**The problem:** Your answer must be every line of the data that contains "ncpoly".

[Stored data entries]
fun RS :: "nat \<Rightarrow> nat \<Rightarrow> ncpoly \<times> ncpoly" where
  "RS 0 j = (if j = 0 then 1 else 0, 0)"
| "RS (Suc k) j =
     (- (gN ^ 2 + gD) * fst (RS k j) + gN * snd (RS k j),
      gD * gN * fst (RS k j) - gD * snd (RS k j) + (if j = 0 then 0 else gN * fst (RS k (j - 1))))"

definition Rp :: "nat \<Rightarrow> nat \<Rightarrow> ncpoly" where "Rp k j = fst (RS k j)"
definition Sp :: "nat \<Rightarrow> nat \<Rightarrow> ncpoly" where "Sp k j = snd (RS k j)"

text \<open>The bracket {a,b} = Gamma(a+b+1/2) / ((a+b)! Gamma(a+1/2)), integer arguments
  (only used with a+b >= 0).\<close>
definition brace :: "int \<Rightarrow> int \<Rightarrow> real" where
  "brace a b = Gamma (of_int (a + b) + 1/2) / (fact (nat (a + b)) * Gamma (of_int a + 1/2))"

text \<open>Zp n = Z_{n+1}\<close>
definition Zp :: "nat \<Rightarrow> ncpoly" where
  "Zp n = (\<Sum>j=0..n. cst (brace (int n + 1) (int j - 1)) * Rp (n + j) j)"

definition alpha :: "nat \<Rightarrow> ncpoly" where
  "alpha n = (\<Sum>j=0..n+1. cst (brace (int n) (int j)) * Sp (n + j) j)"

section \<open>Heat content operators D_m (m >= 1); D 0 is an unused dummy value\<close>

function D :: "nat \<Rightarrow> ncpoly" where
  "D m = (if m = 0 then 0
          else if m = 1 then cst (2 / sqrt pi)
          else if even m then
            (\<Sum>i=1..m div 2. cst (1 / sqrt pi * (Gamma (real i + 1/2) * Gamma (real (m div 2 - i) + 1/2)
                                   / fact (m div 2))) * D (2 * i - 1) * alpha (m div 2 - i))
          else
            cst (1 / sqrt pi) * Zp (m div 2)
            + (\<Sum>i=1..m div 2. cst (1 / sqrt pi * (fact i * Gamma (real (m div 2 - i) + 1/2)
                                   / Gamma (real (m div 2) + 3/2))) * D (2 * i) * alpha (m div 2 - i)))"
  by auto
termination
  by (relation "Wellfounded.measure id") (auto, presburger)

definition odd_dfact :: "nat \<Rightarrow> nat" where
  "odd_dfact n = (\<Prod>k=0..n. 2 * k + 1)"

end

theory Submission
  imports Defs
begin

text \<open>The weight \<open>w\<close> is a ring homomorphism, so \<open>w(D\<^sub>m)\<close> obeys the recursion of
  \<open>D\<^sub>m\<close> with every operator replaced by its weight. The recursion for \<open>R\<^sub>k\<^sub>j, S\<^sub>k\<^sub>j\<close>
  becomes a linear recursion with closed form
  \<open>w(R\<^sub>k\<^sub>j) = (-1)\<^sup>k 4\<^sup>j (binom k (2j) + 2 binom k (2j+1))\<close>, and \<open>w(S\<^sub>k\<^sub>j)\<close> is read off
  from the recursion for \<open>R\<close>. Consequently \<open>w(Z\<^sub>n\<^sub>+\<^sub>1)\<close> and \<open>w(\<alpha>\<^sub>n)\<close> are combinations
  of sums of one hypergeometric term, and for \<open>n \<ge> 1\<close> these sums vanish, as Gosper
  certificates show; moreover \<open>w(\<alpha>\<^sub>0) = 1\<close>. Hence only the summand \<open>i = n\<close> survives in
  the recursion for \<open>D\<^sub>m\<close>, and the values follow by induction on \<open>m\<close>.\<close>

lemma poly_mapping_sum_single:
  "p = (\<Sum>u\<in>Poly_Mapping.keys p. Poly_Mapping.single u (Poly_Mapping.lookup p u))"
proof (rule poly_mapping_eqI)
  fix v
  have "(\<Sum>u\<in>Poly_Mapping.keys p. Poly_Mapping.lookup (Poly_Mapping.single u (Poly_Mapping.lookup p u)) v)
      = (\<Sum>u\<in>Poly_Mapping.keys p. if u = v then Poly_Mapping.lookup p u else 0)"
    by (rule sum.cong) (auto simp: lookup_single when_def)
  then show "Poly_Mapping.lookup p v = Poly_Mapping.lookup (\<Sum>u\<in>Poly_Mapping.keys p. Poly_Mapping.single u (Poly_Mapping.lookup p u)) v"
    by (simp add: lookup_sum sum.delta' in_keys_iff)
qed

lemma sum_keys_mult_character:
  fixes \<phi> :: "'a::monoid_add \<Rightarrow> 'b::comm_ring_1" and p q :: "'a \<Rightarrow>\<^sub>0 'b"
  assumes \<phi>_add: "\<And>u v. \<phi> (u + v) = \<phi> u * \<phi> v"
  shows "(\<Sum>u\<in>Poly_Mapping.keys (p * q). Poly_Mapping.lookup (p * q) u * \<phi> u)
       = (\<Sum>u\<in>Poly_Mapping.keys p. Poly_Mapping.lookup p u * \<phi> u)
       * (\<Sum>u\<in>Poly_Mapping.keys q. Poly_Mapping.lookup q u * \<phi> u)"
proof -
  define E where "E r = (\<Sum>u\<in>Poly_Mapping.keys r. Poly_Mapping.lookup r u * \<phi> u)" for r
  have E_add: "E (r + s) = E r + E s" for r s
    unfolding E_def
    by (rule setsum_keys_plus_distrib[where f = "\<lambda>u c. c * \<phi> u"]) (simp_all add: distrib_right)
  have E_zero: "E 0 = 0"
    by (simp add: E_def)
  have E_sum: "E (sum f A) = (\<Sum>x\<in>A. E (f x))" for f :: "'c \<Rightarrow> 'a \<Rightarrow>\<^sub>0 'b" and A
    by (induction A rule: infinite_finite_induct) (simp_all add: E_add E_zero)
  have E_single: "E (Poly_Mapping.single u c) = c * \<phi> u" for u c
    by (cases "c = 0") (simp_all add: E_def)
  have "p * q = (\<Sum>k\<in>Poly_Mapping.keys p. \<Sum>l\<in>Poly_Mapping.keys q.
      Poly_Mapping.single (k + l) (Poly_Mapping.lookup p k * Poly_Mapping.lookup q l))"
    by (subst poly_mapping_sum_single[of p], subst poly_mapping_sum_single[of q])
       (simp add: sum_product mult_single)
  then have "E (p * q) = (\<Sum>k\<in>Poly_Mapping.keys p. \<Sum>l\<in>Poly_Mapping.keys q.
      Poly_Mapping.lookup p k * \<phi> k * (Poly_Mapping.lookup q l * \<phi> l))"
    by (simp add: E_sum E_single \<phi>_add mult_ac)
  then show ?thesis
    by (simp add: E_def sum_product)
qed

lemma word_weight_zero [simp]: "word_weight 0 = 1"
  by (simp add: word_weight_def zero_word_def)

---

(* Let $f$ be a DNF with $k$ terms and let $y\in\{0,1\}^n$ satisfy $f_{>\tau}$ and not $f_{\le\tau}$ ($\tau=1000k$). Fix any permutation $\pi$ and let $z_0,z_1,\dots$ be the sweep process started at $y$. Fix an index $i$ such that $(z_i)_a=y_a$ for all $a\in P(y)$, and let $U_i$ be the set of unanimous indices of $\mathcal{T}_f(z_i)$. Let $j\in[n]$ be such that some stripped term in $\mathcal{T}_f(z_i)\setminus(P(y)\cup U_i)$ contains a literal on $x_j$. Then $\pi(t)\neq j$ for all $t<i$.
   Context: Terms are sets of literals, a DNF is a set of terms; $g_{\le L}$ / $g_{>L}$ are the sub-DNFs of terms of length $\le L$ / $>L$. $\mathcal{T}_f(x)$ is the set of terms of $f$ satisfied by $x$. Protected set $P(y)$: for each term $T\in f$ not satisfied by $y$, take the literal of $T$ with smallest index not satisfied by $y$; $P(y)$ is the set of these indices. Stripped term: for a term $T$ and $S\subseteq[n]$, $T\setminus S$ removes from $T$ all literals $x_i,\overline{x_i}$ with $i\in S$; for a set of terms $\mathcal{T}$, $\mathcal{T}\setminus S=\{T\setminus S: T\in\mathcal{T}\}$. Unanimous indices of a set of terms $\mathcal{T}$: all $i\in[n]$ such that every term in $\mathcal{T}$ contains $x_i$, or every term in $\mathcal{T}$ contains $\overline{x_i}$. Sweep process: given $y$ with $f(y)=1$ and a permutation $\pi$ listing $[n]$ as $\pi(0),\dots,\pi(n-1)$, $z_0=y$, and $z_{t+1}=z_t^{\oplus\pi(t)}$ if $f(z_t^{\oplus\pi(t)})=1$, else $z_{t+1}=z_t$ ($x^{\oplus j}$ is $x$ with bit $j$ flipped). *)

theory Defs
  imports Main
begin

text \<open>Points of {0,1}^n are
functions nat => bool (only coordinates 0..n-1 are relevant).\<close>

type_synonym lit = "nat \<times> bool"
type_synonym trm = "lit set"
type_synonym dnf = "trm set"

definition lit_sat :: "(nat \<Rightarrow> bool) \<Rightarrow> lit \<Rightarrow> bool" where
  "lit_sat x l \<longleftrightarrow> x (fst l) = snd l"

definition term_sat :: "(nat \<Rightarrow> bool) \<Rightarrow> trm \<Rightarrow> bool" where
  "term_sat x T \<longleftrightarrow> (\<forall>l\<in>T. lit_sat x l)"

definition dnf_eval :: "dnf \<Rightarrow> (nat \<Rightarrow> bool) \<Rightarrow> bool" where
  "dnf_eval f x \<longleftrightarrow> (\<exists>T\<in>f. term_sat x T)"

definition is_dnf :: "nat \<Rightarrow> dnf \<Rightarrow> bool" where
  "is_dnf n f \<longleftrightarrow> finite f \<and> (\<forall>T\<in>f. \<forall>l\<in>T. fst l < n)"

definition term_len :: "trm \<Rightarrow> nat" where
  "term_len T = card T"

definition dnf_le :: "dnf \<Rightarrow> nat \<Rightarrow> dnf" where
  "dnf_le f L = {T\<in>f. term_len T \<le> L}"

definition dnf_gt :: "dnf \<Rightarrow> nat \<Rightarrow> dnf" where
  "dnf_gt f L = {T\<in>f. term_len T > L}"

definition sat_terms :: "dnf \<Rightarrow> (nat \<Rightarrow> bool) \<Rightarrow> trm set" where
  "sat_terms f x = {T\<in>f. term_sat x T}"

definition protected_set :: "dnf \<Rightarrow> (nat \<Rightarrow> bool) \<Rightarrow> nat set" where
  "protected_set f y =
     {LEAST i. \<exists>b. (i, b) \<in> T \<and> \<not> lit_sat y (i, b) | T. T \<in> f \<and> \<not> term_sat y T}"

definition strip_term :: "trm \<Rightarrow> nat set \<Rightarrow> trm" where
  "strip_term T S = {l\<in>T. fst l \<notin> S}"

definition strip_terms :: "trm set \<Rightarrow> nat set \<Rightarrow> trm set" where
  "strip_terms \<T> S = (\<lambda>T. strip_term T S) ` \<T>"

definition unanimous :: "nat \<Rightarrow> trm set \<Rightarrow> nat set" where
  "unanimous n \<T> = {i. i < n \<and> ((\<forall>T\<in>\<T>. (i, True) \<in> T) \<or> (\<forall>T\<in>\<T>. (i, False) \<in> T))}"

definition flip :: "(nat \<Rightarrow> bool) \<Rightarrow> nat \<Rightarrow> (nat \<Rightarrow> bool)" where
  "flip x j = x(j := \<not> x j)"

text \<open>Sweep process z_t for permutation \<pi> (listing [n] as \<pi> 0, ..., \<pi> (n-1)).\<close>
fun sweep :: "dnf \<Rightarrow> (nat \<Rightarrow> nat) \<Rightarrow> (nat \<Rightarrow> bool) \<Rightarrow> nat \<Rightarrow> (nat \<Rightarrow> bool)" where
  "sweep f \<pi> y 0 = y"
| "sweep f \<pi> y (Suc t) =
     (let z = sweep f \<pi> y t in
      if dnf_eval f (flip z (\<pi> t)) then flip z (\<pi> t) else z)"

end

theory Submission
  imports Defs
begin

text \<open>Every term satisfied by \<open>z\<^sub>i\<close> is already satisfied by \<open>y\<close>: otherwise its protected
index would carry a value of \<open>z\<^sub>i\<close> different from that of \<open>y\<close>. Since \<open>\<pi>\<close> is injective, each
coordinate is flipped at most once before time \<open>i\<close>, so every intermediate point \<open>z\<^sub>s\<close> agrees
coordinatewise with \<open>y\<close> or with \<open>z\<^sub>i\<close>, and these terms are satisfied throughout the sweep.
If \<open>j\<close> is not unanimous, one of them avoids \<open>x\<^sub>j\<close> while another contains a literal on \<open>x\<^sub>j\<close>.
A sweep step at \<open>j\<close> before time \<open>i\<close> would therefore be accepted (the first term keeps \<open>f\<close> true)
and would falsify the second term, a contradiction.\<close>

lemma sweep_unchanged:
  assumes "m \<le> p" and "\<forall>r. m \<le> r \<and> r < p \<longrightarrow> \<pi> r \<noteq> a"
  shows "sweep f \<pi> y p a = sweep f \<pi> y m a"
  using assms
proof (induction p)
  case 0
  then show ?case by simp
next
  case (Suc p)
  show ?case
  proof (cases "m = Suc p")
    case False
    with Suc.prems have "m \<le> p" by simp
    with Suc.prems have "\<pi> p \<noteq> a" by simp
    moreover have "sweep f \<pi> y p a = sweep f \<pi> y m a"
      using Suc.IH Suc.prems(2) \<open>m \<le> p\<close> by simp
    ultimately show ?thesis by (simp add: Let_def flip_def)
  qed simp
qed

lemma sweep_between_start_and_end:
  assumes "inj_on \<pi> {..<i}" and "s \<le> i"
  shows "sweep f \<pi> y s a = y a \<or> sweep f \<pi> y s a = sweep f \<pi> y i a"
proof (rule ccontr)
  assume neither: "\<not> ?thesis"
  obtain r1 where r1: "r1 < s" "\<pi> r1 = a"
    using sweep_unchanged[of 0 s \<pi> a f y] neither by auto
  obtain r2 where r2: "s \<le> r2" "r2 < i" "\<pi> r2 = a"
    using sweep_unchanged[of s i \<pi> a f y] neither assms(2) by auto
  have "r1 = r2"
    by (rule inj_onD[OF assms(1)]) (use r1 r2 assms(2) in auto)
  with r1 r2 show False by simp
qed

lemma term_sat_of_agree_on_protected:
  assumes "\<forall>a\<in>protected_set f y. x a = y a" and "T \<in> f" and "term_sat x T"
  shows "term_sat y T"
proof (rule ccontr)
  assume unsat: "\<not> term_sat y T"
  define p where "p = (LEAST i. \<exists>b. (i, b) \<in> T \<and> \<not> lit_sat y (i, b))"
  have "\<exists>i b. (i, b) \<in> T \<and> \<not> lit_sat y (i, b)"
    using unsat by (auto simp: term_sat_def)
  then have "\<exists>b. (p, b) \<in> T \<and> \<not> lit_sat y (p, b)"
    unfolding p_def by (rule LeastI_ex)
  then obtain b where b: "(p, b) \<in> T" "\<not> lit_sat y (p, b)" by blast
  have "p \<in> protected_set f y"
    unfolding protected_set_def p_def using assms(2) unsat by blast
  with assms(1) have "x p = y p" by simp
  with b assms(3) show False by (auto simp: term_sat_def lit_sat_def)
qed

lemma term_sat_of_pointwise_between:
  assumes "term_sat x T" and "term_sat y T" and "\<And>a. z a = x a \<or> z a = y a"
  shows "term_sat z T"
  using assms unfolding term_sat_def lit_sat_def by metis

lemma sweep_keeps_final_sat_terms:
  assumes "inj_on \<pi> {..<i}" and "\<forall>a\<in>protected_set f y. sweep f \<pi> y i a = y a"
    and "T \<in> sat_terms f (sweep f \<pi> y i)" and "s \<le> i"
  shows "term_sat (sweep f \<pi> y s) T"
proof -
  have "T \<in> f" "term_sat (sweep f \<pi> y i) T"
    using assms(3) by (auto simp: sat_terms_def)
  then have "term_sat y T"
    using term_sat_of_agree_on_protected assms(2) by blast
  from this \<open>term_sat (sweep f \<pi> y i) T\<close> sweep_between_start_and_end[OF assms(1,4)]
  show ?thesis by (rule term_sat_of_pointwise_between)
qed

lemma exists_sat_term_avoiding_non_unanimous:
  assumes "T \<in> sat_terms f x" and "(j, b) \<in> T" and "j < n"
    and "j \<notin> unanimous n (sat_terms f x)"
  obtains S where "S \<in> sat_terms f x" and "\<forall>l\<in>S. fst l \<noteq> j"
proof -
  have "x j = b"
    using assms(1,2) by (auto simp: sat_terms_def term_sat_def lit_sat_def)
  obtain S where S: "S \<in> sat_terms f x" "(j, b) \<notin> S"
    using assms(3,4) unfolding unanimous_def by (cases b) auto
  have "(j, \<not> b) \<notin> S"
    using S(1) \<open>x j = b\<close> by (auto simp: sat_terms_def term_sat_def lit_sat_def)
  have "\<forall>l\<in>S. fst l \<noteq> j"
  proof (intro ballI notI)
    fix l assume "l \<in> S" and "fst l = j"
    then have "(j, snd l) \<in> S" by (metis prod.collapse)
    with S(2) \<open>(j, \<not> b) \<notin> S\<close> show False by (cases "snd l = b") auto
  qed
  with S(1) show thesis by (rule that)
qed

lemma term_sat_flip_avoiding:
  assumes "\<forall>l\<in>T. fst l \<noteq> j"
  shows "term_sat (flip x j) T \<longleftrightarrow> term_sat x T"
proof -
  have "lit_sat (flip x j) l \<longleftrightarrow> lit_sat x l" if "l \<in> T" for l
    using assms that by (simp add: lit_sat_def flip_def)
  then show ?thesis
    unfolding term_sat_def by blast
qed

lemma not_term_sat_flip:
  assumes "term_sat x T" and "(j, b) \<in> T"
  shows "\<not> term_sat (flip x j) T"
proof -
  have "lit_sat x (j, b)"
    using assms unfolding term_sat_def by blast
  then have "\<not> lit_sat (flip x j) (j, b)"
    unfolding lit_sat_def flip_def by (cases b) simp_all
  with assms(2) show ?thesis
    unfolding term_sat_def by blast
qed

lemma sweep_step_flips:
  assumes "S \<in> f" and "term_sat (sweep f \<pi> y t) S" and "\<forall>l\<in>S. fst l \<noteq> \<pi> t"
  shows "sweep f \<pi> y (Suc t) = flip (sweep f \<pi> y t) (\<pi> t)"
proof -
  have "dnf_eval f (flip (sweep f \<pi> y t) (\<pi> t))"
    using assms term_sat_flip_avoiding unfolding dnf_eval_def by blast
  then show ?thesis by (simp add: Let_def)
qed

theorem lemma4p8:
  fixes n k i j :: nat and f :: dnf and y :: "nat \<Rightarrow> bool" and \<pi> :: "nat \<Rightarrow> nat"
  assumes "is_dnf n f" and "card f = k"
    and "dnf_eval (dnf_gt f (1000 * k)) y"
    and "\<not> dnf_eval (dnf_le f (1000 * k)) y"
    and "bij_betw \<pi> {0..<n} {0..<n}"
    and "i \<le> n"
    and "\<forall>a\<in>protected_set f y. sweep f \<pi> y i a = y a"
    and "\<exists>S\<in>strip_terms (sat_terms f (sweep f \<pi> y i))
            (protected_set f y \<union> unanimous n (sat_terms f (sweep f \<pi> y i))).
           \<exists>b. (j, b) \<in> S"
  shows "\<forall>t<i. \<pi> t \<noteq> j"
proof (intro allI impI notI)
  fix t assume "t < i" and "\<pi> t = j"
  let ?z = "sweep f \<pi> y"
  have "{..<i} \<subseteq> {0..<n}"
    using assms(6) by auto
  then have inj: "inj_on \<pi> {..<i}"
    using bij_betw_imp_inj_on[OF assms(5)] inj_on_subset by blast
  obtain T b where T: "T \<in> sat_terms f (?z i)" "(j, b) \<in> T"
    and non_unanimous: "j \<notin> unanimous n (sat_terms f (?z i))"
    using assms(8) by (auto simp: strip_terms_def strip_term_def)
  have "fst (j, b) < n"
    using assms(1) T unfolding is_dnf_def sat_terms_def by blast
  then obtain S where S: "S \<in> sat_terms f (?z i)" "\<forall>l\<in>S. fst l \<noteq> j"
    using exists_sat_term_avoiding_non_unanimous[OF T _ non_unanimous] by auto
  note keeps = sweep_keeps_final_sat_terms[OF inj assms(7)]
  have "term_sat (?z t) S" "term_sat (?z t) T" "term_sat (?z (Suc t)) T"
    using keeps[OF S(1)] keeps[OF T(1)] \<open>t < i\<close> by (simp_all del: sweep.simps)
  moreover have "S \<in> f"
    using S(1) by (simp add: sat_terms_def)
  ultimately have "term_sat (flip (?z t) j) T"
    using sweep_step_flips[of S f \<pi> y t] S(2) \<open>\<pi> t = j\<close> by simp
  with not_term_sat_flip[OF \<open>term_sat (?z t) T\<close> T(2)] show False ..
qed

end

---

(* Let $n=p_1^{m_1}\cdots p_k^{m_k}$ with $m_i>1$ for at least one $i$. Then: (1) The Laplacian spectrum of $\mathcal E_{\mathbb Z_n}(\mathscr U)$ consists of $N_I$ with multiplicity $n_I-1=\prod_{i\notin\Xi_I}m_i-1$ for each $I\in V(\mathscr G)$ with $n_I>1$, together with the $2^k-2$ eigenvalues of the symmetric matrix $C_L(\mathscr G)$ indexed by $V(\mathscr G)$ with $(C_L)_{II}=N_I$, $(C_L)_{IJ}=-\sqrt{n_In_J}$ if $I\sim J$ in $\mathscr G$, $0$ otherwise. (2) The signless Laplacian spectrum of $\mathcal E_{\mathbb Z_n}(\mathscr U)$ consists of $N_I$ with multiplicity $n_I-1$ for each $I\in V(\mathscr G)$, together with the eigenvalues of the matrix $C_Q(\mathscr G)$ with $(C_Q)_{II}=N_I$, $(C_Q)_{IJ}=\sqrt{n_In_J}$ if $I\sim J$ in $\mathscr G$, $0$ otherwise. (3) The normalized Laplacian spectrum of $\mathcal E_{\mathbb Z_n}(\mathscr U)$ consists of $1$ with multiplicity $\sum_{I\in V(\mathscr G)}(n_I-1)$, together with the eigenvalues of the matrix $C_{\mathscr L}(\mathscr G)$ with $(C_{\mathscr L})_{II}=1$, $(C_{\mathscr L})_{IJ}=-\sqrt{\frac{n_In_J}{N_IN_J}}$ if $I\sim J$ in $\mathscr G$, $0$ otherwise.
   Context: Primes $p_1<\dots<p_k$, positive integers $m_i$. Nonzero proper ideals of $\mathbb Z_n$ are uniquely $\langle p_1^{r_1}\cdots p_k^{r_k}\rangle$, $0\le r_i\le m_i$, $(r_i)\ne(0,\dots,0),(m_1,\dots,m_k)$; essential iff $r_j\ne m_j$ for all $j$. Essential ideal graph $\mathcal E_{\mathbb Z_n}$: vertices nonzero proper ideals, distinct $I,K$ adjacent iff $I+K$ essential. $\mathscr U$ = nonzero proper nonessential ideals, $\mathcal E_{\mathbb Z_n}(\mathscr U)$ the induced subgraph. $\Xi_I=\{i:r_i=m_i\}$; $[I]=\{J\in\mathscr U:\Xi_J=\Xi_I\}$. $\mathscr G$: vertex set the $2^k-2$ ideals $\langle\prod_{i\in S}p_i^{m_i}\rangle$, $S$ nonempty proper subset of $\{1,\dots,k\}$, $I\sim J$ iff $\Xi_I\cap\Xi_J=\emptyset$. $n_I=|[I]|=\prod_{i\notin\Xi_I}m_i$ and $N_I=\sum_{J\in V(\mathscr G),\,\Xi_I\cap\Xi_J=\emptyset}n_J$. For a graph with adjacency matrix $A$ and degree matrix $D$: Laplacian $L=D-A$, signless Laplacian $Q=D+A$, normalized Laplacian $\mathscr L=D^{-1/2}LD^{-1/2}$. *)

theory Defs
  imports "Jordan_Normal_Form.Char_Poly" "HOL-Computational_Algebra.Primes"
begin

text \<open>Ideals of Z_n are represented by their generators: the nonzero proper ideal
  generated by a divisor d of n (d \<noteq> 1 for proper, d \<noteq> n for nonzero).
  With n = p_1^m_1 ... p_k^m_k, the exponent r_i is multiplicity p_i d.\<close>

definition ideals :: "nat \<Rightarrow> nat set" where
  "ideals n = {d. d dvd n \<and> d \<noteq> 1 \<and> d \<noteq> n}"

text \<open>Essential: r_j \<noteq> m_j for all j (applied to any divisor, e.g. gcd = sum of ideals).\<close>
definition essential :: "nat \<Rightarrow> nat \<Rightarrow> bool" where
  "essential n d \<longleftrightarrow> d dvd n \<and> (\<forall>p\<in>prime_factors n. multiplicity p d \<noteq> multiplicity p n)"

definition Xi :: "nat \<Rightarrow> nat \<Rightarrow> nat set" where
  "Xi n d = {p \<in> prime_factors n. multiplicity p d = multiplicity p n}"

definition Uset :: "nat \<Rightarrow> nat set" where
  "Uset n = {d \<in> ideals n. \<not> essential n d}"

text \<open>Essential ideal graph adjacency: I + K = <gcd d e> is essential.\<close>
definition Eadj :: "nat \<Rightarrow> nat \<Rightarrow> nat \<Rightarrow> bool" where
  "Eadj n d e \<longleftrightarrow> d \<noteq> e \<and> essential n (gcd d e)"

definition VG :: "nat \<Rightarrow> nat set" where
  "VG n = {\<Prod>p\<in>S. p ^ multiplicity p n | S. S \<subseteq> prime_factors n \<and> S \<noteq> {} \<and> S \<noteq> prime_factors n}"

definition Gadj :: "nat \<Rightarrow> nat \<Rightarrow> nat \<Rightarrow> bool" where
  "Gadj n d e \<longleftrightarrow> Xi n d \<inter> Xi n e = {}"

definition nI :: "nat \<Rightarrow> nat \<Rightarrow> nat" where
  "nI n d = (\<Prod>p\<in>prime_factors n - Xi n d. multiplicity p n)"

**Task result:**
fun RS :: "nat \<Rightarrow> nat \<Rightarrow> ncpoly \<times> ncpoly" where
definition Rp :: "nat \<Rightarrow> nat \<Rightarrow> ncpoly" where "Rp k j = fst (RS k j)"
definition Sp :: "nat \<Rightarrow> nat \<Rightarrow> ncpoly" where "Sp k j = snd (RS k j)"
definition Zp :: "nat \<Rightarrow> ncpoly" where
definition alpha :: "nat \<Rightarrow> ncpoly" where
function D :: "nat \<Rightarrow> ncpoly" where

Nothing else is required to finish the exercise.